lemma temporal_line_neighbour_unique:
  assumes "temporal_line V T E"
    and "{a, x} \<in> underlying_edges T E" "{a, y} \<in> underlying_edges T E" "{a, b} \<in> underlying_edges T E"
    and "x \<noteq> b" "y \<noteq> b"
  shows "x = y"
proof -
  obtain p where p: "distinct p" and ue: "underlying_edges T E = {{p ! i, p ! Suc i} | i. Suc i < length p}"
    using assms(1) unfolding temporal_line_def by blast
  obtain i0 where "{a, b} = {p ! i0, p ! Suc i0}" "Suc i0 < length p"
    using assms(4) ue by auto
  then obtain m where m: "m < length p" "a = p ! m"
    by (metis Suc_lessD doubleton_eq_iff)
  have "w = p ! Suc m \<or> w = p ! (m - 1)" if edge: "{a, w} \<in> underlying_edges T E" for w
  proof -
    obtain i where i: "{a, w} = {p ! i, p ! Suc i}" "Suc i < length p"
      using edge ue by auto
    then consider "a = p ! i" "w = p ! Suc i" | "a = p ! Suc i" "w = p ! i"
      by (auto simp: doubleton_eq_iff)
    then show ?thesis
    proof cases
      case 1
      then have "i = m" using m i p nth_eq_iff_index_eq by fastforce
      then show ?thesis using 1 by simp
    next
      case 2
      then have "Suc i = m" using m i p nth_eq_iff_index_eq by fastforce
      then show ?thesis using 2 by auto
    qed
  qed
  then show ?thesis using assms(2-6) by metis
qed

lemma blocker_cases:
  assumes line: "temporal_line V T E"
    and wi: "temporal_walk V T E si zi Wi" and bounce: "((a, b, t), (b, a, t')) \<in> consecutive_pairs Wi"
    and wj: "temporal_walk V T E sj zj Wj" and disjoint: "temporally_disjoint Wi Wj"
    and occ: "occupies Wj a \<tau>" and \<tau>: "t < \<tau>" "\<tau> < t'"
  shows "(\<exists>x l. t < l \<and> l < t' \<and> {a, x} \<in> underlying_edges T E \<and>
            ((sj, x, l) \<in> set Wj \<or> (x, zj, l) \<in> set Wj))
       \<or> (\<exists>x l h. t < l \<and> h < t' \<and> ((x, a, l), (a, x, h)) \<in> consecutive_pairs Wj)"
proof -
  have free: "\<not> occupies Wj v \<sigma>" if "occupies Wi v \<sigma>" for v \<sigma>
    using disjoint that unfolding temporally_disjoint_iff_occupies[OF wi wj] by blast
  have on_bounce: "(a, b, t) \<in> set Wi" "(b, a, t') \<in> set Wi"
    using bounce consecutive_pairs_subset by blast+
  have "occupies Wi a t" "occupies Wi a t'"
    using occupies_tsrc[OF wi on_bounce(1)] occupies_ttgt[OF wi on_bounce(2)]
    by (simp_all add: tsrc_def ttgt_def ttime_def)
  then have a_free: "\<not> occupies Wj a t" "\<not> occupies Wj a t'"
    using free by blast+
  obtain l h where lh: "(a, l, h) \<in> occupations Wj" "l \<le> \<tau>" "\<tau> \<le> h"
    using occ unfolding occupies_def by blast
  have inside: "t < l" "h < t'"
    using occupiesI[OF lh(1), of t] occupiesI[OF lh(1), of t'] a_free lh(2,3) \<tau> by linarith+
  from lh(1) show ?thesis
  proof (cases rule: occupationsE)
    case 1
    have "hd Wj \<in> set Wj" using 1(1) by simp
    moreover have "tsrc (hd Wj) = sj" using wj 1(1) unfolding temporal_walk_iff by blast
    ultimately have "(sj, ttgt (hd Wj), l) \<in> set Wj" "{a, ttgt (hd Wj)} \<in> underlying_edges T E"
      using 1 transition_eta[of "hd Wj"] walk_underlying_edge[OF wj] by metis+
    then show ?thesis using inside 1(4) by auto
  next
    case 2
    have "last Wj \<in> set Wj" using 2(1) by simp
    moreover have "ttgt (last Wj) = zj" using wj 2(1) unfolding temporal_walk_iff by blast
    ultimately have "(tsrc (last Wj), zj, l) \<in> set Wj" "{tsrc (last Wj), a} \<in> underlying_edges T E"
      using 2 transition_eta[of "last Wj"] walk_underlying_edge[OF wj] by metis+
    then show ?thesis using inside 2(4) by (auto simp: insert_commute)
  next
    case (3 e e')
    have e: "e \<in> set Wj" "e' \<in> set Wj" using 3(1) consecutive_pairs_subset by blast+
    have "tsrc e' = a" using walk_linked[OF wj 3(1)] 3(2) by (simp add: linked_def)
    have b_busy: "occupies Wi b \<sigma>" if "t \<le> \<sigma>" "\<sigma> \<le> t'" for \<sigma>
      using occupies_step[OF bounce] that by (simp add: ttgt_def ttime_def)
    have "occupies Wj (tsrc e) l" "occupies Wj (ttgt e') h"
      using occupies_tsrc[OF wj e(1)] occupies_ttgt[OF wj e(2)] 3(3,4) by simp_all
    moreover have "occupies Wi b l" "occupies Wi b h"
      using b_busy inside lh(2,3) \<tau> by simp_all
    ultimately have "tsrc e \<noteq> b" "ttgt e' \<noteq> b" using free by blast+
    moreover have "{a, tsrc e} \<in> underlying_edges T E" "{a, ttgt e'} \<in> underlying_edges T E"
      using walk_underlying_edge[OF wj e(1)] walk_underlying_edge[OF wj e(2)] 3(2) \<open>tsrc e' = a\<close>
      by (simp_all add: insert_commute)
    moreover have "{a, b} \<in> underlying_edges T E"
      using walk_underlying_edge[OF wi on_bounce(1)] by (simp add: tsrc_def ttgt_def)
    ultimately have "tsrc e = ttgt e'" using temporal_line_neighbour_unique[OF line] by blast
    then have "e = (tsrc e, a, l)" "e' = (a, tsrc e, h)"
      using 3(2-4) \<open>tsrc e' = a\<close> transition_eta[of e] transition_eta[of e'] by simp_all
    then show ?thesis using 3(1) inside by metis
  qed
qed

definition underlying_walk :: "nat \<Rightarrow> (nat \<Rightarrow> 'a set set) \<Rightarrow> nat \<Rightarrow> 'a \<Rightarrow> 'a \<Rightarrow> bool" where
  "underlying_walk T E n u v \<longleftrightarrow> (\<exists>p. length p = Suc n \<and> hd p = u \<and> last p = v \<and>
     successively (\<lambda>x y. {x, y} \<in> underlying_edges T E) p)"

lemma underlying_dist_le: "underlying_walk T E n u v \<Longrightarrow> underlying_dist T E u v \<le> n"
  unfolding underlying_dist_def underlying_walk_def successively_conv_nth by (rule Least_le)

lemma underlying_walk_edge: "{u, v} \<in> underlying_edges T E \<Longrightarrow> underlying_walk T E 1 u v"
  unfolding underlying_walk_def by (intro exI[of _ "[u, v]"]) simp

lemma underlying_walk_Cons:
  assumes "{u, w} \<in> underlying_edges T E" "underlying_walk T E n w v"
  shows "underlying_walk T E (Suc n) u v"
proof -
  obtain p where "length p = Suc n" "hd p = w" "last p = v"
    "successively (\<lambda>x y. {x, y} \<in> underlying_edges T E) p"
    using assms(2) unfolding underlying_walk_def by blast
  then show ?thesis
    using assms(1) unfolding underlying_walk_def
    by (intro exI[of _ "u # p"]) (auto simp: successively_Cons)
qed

---

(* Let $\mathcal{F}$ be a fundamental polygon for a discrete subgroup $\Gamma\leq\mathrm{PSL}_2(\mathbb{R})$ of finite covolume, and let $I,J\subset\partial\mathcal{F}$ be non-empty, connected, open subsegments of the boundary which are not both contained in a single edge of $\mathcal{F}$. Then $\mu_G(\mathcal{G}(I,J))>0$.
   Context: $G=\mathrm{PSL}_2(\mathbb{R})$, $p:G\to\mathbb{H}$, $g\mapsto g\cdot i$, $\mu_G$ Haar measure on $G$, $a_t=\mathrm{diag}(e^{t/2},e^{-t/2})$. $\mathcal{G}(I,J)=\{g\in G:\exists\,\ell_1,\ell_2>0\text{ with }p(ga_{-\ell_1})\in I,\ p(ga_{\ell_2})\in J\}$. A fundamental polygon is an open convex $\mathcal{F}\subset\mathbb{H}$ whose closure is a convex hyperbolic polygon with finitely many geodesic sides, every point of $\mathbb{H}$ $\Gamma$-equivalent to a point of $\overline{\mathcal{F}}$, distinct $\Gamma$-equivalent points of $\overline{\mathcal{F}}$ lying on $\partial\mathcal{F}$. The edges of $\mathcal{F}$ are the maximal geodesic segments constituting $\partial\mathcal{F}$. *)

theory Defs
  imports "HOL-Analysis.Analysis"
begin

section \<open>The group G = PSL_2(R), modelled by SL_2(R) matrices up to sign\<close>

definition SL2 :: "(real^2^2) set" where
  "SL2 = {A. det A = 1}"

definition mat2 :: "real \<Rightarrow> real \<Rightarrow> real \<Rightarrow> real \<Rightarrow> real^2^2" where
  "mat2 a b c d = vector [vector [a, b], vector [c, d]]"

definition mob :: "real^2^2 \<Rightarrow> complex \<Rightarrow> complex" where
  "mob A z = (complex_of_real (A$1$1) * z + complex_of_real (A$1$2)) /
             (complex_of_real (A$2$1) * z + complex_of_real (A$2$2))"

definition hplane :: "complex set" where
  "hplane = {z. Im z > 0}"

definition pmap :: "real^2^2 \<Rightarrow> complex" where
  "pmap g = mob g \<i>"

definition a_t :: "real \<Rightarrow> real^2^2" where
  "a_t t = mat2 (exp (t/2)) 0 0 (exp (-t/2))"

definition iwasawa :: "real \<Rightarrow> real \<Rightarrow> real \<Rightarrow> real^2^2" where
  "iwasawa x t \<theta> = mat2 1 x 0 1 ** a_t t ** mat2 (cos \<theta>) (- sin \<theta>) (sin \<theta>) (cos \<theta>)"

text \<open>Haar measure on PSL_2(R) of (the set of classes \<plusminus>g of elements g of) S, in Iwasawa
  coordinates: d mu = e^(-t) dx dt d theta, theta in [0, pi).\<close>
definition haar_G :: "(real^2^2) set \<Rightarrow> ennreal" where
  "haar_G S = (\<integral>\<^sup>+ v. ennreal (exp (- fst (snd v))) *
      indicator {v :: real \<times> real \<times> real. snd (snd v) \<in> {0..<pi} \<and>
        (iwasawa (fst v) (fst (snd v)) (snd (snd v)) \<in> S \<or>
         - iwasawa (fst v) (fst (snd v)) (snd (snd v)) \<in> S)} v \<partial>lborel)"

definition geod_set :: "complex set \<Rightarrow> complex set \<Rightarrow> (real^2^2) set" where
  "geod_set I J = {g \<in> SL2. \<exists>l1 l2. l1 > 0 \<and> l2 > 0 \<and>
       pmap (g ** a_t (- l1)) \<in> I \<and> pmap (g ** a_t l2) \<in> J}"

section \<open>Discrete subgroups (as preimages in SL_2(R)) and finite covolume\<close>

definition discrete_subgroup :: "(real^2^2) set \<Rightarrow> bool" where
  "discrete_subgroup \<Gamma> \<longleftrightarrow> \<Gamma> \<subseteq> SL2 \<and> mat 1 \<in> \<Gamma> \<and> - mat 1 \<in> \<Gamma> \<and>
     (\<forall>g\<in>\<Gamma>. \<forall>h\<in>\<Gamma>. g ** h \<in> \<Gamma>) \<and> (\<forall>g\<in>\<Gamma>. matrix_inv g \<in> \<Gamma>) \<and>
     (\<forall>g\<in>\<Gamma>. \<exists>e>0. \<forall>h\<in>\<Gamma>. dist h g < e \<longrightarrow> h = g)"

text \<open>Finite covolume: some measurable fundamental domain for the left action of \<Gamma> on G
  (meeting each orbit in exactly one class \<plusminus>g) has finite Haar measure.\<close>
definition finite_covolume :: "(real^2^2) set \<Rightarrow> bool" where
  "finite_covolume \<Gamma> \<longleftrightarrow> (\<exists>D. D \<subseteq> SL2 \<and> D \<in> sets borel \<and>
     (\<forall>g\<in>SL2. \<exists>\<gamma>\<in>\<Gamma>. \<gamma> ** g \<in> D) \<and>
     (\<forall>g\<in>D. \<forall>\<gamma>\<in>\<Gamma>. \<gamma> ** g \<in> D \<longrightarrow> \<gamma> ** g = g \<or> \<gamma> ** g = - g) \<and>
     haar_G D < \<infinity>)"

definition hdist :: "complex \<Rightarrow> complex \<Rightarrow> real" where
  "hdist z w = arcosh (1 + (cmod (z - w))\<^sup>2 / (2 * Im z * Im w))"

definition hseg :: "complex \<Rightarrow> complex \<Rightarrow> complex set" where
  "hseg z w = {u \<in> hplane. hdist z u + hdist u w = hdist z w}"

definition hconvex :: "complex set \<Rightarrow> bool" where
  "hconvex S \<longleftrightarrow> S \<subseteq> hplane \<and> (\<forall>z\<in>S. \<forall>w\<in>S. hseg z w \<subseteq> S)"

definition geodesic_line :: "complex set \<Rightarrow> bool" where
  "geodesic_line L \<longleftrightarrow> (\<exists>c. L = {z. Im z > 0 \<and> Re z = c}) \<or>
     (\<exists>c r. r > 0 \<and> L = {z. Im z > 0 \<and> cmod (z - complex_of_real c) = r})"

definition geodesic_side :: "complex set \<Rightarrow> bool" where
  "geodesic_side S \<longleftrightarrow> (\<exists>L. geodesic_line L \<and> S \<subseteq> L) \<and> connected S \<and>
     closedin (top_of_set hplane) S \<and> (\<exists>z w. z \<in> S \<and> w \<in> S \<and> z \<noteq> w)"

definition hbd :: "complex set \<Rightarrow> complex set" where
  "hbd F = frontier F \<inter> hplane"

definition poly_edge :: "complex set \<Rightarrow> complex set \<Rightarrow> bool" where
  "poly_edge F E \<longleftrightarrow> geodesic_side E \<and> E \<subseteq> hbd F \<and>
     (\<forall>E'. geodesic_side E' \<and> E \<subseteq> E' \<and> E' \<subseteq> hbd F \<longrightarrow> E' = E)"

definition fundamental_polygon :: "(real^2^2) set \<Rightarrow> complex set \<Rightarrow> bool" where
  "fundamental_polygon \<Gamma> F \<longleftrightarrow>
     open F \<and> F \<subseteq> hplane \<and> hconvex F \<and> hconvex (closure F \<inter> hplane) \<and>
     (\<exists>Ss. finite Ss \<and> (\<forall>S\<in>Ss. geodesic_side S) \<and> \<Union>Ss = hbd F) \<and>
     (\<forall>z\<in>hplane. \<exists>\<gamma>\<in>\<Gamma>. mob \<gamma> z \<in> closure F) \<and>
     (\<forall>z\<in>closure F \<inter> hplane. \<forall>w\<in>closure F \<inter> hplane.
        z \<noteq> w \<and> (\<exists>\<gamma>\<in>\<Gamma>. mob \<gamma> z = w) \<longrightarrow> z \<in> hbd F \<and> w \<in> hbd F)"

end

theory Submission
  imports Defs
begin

* * *

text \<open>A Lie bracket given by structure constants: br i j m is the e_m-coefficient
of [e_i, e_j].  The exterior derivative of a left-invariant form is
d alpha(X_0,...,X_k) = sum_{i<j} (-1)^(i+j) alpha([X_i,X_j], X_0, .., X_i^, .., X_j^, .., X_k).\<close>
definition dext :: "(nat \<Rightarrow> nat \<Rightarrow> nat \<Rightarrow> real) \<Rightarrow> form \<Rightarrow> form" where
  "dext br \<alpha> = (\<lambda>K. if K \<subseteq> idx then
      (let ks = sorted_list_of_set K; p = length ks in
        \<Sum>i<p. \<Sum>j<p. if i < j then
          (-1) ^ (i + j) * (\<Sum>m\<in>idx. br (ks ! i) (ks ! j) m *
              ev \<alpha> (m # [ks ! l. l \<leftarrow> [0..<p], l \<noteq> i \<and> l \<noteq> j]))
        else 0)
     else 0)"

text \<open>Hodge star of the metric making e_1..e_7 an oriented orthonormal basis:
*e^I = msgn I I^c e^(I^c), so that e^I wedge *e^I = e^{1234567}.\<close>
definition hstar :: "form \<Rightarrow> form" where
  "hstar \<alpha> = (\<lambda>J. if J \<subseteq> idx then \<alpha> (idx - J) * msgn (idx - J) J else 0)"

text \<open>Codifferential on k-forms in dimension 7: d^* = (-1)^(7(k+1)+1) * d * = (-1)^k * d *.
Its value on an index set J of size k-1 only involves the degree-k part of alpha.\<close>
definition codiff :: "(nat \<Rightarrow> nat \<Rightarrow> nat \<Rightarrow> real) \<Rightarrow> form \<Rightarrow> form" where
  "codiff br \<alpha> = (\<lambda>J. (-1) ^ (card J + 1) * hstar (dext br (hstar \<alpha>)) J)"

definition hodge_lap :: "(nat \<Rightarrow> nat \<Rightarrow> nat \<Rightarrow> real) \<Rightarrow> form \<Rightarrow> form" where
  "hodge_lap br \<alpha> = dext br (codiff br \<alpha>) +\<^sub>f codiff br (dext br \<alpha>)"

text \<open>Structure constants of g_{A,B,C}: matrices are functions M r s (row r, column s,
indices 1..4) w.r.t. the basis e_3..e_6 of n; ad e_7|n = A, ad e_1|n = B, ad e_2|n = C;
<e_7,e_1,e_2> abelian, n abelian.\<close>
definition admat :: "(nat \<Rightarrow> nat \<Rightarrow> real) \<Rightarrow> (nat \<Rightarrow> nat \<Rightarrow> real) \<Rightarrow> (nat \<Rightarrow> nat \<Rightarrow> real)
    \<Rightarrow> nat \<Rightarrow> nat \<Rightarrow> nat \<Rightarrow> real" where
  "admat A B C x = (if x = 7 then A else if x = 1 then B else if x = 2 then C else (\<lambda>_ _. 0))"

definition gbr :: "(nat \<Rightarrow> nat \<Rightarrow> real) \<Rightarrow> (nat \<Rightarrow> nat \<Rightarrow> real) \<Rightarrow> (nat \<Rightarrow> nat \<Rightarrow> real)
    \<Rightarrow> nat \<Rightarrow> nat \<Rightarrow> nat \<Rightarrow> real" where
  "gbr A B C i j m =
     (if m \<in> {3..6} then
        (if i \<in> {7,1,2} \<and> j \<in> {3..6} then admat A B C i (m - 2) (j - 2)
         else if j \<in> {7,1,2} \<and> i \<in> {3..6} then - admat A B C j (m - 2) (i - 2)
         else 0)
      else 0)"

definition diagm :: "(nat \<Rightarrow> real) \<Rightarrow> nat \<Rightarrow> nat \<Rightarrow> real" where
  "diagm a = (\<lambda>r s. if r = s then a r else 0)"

PROBLEM DESCRIPTION | Copy each line of the listing that carries the string "subseteq".

PROBLEM SOLUTION |
  "discrete_subgroup \<Gamma> \<longleftrightarrow> \<Gamma> \<subseteq> SL2 \<and> mat 1 \<in> \<Gamma> \<and> - mat 1 \<in> \<Gamma> \<and>
  "finite_covolume \<Gamma> \<longleftrightarrow> (\<exists>D. D \<subseteq> SL2 \<and> D \<in> sets borel \<and>
  "hconvex S \<longleftrightarrow> S \<subseteq> hplane \<and> (\<forall>z\<in>S. \<forall>w\<in>S. hseg z w \<subseteq> S)"
  "geodesic_side S \<longleftrightarrow> (\<exists>L. geodesic_line L \<and> S \<subseteq> L) \<and> connected S \<and>
  "poly_edge F E \<longleftrightarrow> geodesic_side E \<and> E \<subseteq> hbd F \<and>
     (\<forall>E'. geodesic_side E' \<and> E \<subseteq> E' \<and> E' \<subseteq> hbd F \<longrightarrow> E' = E)"
     open F \<and> F \<subseteq> hplane \<and> hconvex F \<and> hconvex (closure F \<inter> hplane) \<and>
  "dext br \<alpha> = (\<lambda>K. if K \<subseteq> idx then
  "hstar \<alpha> = (\<lambda>J. if J \<subseteq> idx then \<alpha> (idx - J) * msgn (idx - J) J else 0)"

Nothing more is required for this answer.